Publication year: 2020
Authors: Sarcina L. 1,Torsi L. 123, Picca R.A. 12, Manoli K. 12*, Macchia E. 3
Affiliations:
1 - Dipartimento di Chimica, Università degli Studi di Bari Aldo Moro, 70125 Bari, Italy
2 - CSGI (Centre for Colloid and Surface Science), Department of Chemistry, 70125 Bari, Italy
3 - The Faculty of Science and Engineering, Åbo Akademi University, FI-20500 Turku, Finland

 

Published in: Sensors, 2020, Vol. 20, p. 3678
doi: 10.3390/s20133678

The continuous improvement of the technical potential of bioelectronic devices for biosensing applications will provide clinicians with a reliable tool for biomarker quantification down to the single molecule. Eventually, physicians will be able to identify the very moment at which the illness state begins, with a terrific impact on the quality of life along with a reduction of health care expenses. However, in clinical practice, to gather enough information to formulate a diagnosis, multiple biomarkers are normally quantified from the same biological sample simultaneously. Therefore, it is critically important to translate lab-based bioelectronic devices based on electrolyte gated thin-film transistor technology into a cost-effective portable multiplexing array prototype.

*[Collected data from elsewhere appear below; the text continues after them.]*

theorem closed_walk_weight:
  assumes "B \<in> \<B>" and "closed_walk B p"
  shows "walk_weight B p = \<one>"
  using assms
proof (induction "length p" arbitrary: B p rule: less_induct)
  case less
  note IH = less.hyps[rule_format]
  show ?case
  proof (cases "length p < 2")
    case True
    then show ?thesis using less.prems unfolding closed_walk_def by (cases p) auto
  next
    case False
    obtain p' where walk: "closed_walk B p'" and len: "length p' = length p" and hd: "hd p' \<in> B"
      and weight: "walk_weight B p' = walk_weight B p"
      by (rule closed_walk_start_in_basis[OF less.prems(2)]) (use False in simp)
    from walk show ?thesis
    proof (cases rule: closed_walk_cases)
      case (repeat as v bs cs)
      have split: "closed_walk B (v # bs @ [v])" "closed_walk B (as @ v # cs)"
        "walk_weight B p' = walk_weight B (v # bs @ [v]) \<otimes> walk_weight B (as @ v # cs)"
        using closed_walk_split_at_repeat[of B as v bs cs] walk unfolding repeat(1) by auto
      have "walk_weight B (v # bs @ [v]) = \<one>" "walk_weight B (as @ v # cs) = \<one>"
        using IH[OF _ less.prems(1) split(1)] IH[OF _ less.prems(1) split(2)] len repeat(2)
        unfolding repeat(1) by (simp_all flip: length_greater_0_conv)
      then show ?thesis using split(3) weight by simp
    next
      case (chord as v bs w cs)
      have split: "closed_walk B (v # bs @ [w, v])" "closed_walk B (as @ v # w # cs)"
        "walk_weight B p' = walk_weight B (v # bs @ [w, v]) \<otimes> walk_weight B (as @ v # w # cs)"
        using closed_walk_split_at_chord[of B as v bs w cs] walk chord(2) unfolding chord(1) by auto
      have "walk_weight B (v # bs @ [w, v]) = \<one>" "walk_weight B (as @ v # w # cs) = \<one>"
        using IH[OF _ less.prems(1) split(1)] IH[OF _ less.prems(1) split(2)] len chord(3,4)
        unfolding chord(1) by (simp_all flip: length_greater_0_conv)
      then show ?thesis using split(3) weight by simp
    next
      case short
      then show ?thesis
        using short_closed_walk_weight[OF less.prems(1) walk short(1) hd short(2)] weight by simp
    next
      case chordless
      obtain B' p'' where "B' \<in> \<B>" "closed_walk B' p''" "length p'' < length p'"
        "walk_weight B' p'' = walk_weight B p'"
        by (rule chordless_closed_walk_pivot[OF less.prems(1) walk chordless(1) hd chordless(2,3)])
      then show ?thesis using IH[of p'' B'] len weight by simp
    qed
  qed
qed

definition potential :: "'e set \<Rightarrow> 'e \<Rightarrow> 'a" where
  "potential B u = walk_weight B (root_path B u)"

lemma potential_closed [simp]: "potential B u \<in> carrier G"
  unfolding potential_def by simp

In this perspective, the assessment of cost-effective manufacturability represents a crucial step, with specific regard to the optimization of the bio-functionalization protocol of the transistor gate module. Hence, we have assessed, using surface plasmon resonance technique, a sustainable and reliable cost-effective process to successfully bio-functionalize a gold surface, suitable as gate electrode for wide-field bioelectronic sensors. The bio-functionalization process herein investigated allows to reduce the biorecognition element concentration to one-tenth, drastically impacting the manufacturing costs while retaining high analytical performance.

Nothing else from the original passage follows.